It was a long 12 miles.
"I was seeing stuff on the trail all the time, I was so tired," he said.
He reached the ranger cabin at 4 a.m.
"I knocked; I yelled; and then I kicked," he said.
Five kicks later he had the door open and was on the phone dialing 911. He got an Anchorage Police dispatcher and explained what had happened. The police department transferred him to the Anchorage Fire Department. Nappi explained again what had happened. The fire department transferred him to Alaska State Troopers and contacted the Chugiak Fire Department.
"Then they got Ian Thomas," Nappi said.
Thomas is a young Chugach park ranger. He quickly assessed the situation and was soon in the air with a paramedic, James Hales, headed for the ranger cabin.
"When Ian walked in the door, we made eye contact," Nappi said. "His shoulders slumped."
Thomas realized that the people in trouble were old friends of his. They'd all been at APU together. But he knew they'd find Butler exactly where Nappi said he was. Thomas, trooper helicopter pilot Mel Nading and the paramedic headed up Eklutna Lake into a building storm.
ALONE
Back in the tent, Butler was listening to the winds howl. Spindrift snow began blowing under the sides of his shelter. A big gust drove the tent down over its pole. It collapsed around him.
"I got it back up," Butler said. "I was aware of what I had to do. I told myself, 'Seventy-two hours; that's the time limit before you start going crazy.' I figured three days, I could hack it. All in all, I was in pretty good spirits, though the dead of night takes it out of you.
"After Greg left, I remember taking some naps, drinking as much as possible. I snacked some. I remember checking my watch."
And then he heard a helicopter landing in the storm.
Thomas and the paramedic quickly assessed his injuries. They lashed him to a backboard and loaded him in the helicopter.

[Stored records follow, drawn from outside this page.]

lemma not_eigenvalue_neg_one_if_odd_order:
  assumes "finite (carrier G)" and "odd (Coset.order G)" and "g \<in> carrier G"
  shows "\<not> eigenvalue (\<rho> g) (-1)"
proof (rule not_eigenvalue_neg_one_if_odd_pow_eq_one[OF rep_carrier])
  show "\<rho> g ^\<^sub>m Coset.order G = 1\<^sub>m d"
    using pow_order_eq_1 rep_pow[symmetric] rep_one \<open>g \<in> carrier G\<close> by simp
qed fact+

end

lemma (in group) prime_not_dvd_index_if_p_elements_in:
  fixes p :: nat
  assumes fin: "finite (carrier G)" and p: "prime p" and N: "subgroup N G"
    and p_elements: "\<And>g k. g \<in> carrier G \<Longrightarrow> g [^] (p ^ k) = \<one> \<Longrightarrow> g \<in> N"
  shows "\<not> p dvd card (rcosets N)"
proof -
  define a where "a = multiplicity p (Coset.order G)"
  obtain m where om: "Coset.order G = p ^ a * m" and m: "\<not> p dvd m"
  proof -
    have "Coset.order G \<noteq> 0" using order_gt_0_iff_finite[THEN iffD2, OF fin] by linarith
    moreover have "\<not> is_unit p" using p not_prime_unit by blast
    ultimately show thesis using that unfolding a_def by (rule multiplicity_decompose')
  qed
  obtain P where P: "subgroup P G" "card P = p ^ a"
    using sylow_thm[OF p is_group om fin] by blast
  have "P \<subseteq> N"
  proof
    fix g assume g: "g \<in> P"
    interpret P: group "G\<lparr>carrier := P\<rparr>"
      using subgroup.subgroup_is_group[OF P(1) is_group] .
    have "g [^] (p ^ a) = \<one>"
      using P.pow_order_eq_1[of g] g P(2) by (simp add: Coset.order_def nat_pow_consistent[symmetric])
    then show "g \<in> N" using p_elements g subgroup.subset[OF P(1)] by blast
  qed
  interpret N: group "G\<lparr>carrier := N\<rparr>"
    using subgroup.subgroup_is_group[OF N is_group] .
  have "card (rcosets\<^bsub>G\<lparr>carrier := N\<rparr>\<^esub> P) * card P = card N"
    using N.lagrange subgroup_incl[OF P(1) N \<open>P \<subseteq> N\<close>] by (simp add: Coset.order_def)
  then have "card P dvd card N" by (metis dvd_triv_right)
  then obtain t where t: "card N = p ^ a * t" unfolding P(2) by (rule dvdE)
  have "p ^ a * (card (rcosets N) * t) = p ^ a * m"
    using lagrange[OF N] om t by (simp add: ac_simps)
  then have "card (rcosets N) * t = m" using prime_gt_0_nat[OF p] by simp
  with m show ?thesis using dvd_mult2 by blast
qed

lemma (in group_rep) eigenvalue_neg_one_if_two'_simple:
  assumes fin: "finite (carrier G)" and "two'_simple G" and "nontrivial_rep G d \<rho>"
  shows "\<exists>a \<in> carrier G. eigenvalue (\<rho> a) (-1)"
proof (rule ccontr)
  assume "\<not> ?thesis"
  then have "odd (card (rcosets rep_kernel))"
    using prime_not_dvd_index_if_p_elements_in[OF fin two_is_prime_nat]
      normal.axioms(1)[OF rep_kernel_normal] two_power_elements_in_rep_kernel by blast
  then have "rep_kernel = carrier G"
    using \<open>two'_simple G\<close> rep_kernel_normal unfolding two'_simple_def by blast
  with \<open>nontrivial_rep G d \<rho>\<close> show False using rep_kernel_eq_carrier_iff by blast
qed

"All in all, it was quick," Butler said. "Ten minutes and I was at Providence."
He spent three days at the Anchorage medical center. Doctors put a metal rod in his left leg that goes from knee to hip. They put his shoulder back together with a plate and screws. Butler is expected to make a full recovery, though he is still hobbling around with a cane.
"I can walk, for the most part," he said. "It was amazing, the support of the climbing community. Someone was with me at home every day" after he left the hospital. The Bear Tooth Theatrepub, where Butler's wife works, staged a fundraiser to help him pay medical bills; the pub owners matched the donations.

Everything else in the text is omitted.